(Aim of the exercise) Print out the full listing, exactly.

(Extracted records)
definition assoc_scheme :: "nat \<Rightarrow> (nat \<Rightarrow> ('a::finite \<times> 'a) set) \<Rightarrow> bool" where
  "assoc_scheme d R \<longleftrightarrow>
     R 0 = Id \<and>
     (\<forall>i\<le>d. R i \<noteq> {}) \<and>
     (\<forall>i\<le>d. \<forall>j\<le>d. i \<noteq> j \<longrightarrow> R i \<inter> R j = {}) \<and>
     (\<Union>i\<in>{..d}. R i) = UNIV \<and>
     (\<forall>i\<le>d. \<exists>j\<le>d. (R i)\<inverse> = R j) \<and>
     (\<forall>i\<le>d. \<forall>j\<le>d. \<forall>h\<le>d. \<exists>p::nat. \<forall>x y. (x, y) \<in> R h \<longrightarrow>
         card {z. (x, z) \<in> R i \<and> (z, y) \<in> R j} = p)"

definition skew_symmetric :: "nat \<Rightarrow> (nat \<Rightarrow> ('a \<times> 'a) set) \<Rightarrow> bool" where
  "skew_symmetric d R \<longleftrightarrow> (\<forall>i\<in>{1..d}. (R i)\<inverse> \<noteq> R i)"

definition digraph_eigenvalues :: "('a::finite \<times> 'a) set \<Rightarrow> complex set" where
  "digraph_eigenvalues S = {c. \<exists>v. v \<noteq> 0 \<and> adjm S *v v = c *s v}"

text \<open>E 0,...,E 4 are the primitive idempotents of the Bose-Mesner algebra of a 4-class
  scheme R, with character table P (P j i = p_i(j)), i.e. they are nonzero pairwise
  orthogonal idempotents summing to the identity with A_i E_j = p_i(j) E_j.\<close>
definition prim_idempotents_table ::
  "(nat \<Rightarrow> ('a::finite \<times> 'a) set) \<Rightarrow> (nat \<Rightarrow> complex^'a^'a) \<Rightarrow> (nat \<Rightarrow> nat \<Rightarrow> complex) \<Rightarrow> bool" where
  "prim_idempotents_table R E P \<longleftrightarrow>
     (\<forall>j\<le>4. E j \<noteq> 0) \<and>
     (\<forall>j\<le>4. \<forall>l\<le>4. E j ** E l = (if j = l then E j else 0)) \<and>
     (\<Sum>j\<le>4. E j) = mat 1 \<and>
     (\<forall>i\<le>4. \<forall>j\<le>4. adjm (R i) ** E j = mat (P j i) ** E j)"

(Solution for this exercise)
definition assoc_scheme :: "nat \<Rightarrow> (nat \<Rightarrow> ('a::finite \<times> 'a) set) \<Rightarrow> bool" where
  "assoc_scheme d R \<longleftrightarrow>
     R 0 = Id \<and>
     (\<forall>i\<le>d. R i \<noteq> {}) \<and>
     (\<forall>i\<le>d. \<forall>j\<le>d. i \<noteq> j \<longrightarrow> R i \<inter> R j = {}) \<and>
     (\<Union>i\<in>{..d}. R i) = UNIV \<and>
     (\<forall>i\<le>d. \<exists>j\<le>d. (R i)\<inverse> = R j) \<and>
     (\<forall>i\<le>d. \<forall>j\<le>d. \<forall>h\<le>d. \<exists>p::nat. \<forall>x y. (x, y) \<in> R h \<longrightarrow>
         card {z. (x, z) \<in> R i \<and> (z, y) \<in> R j} = p)"

definition skew_symmetric :: "nat \<Rightarrow> (nat \<Rightarrow> ('a \<times> 'a) set) \<Rightarrow> bool" where
  "skew_symmetric d R \<longleftrightarrow> (\<forall>i\<in>{1..d}. (R i)\<inverse> \<noteq> R i)"

definition digraph_eigenvalues :: "('a::finite \<times> 'a) set \<Rightarrow> complex set" where
  "digraph_eigenvalues S = {c. \<exists>v. v \<noteq> 0 \<and> adjm S *v v = c *s v}"

text \<open>E 0,...,E 4 are the primitive idempotents of the Bose-Mesner algebra of a 4-class
  scheme R, with character table P (P j i = p_i(j)), i.e. they are nonzero pairwise
  orthogonal idempotents summing to the identity with A_i E_j = p_i(j) E_j.\<close>
definition prim_idempotents_table ::
  "(nat \<Rightarrow> ('a::finite \<times> 'a) set) \<Rightarrow> (nat \<Rightarrow> complex^'a^'a) \<Rightarrow> (nat \<Rightarrow> nat \<Rightarrow> complex) \<Rightarrow> bool" where
  "prim_idempotents_table R E P \<longleftrightarrow>
     (\<forall>j\<le>4. E j \<noteq> 0) \<and>
     (\<forall>j\<le>4. \<forall>l\<le>4. E j ** E l = (if j = l then E j else 0)) \<and>
     (\<Sum>j\<le>4. E j) = mat 1 \<and>
     (\<forall>i\<le>4. \<forall>j\<le>4. adjm (R i) ** E j = mat (P j i) ** E j)"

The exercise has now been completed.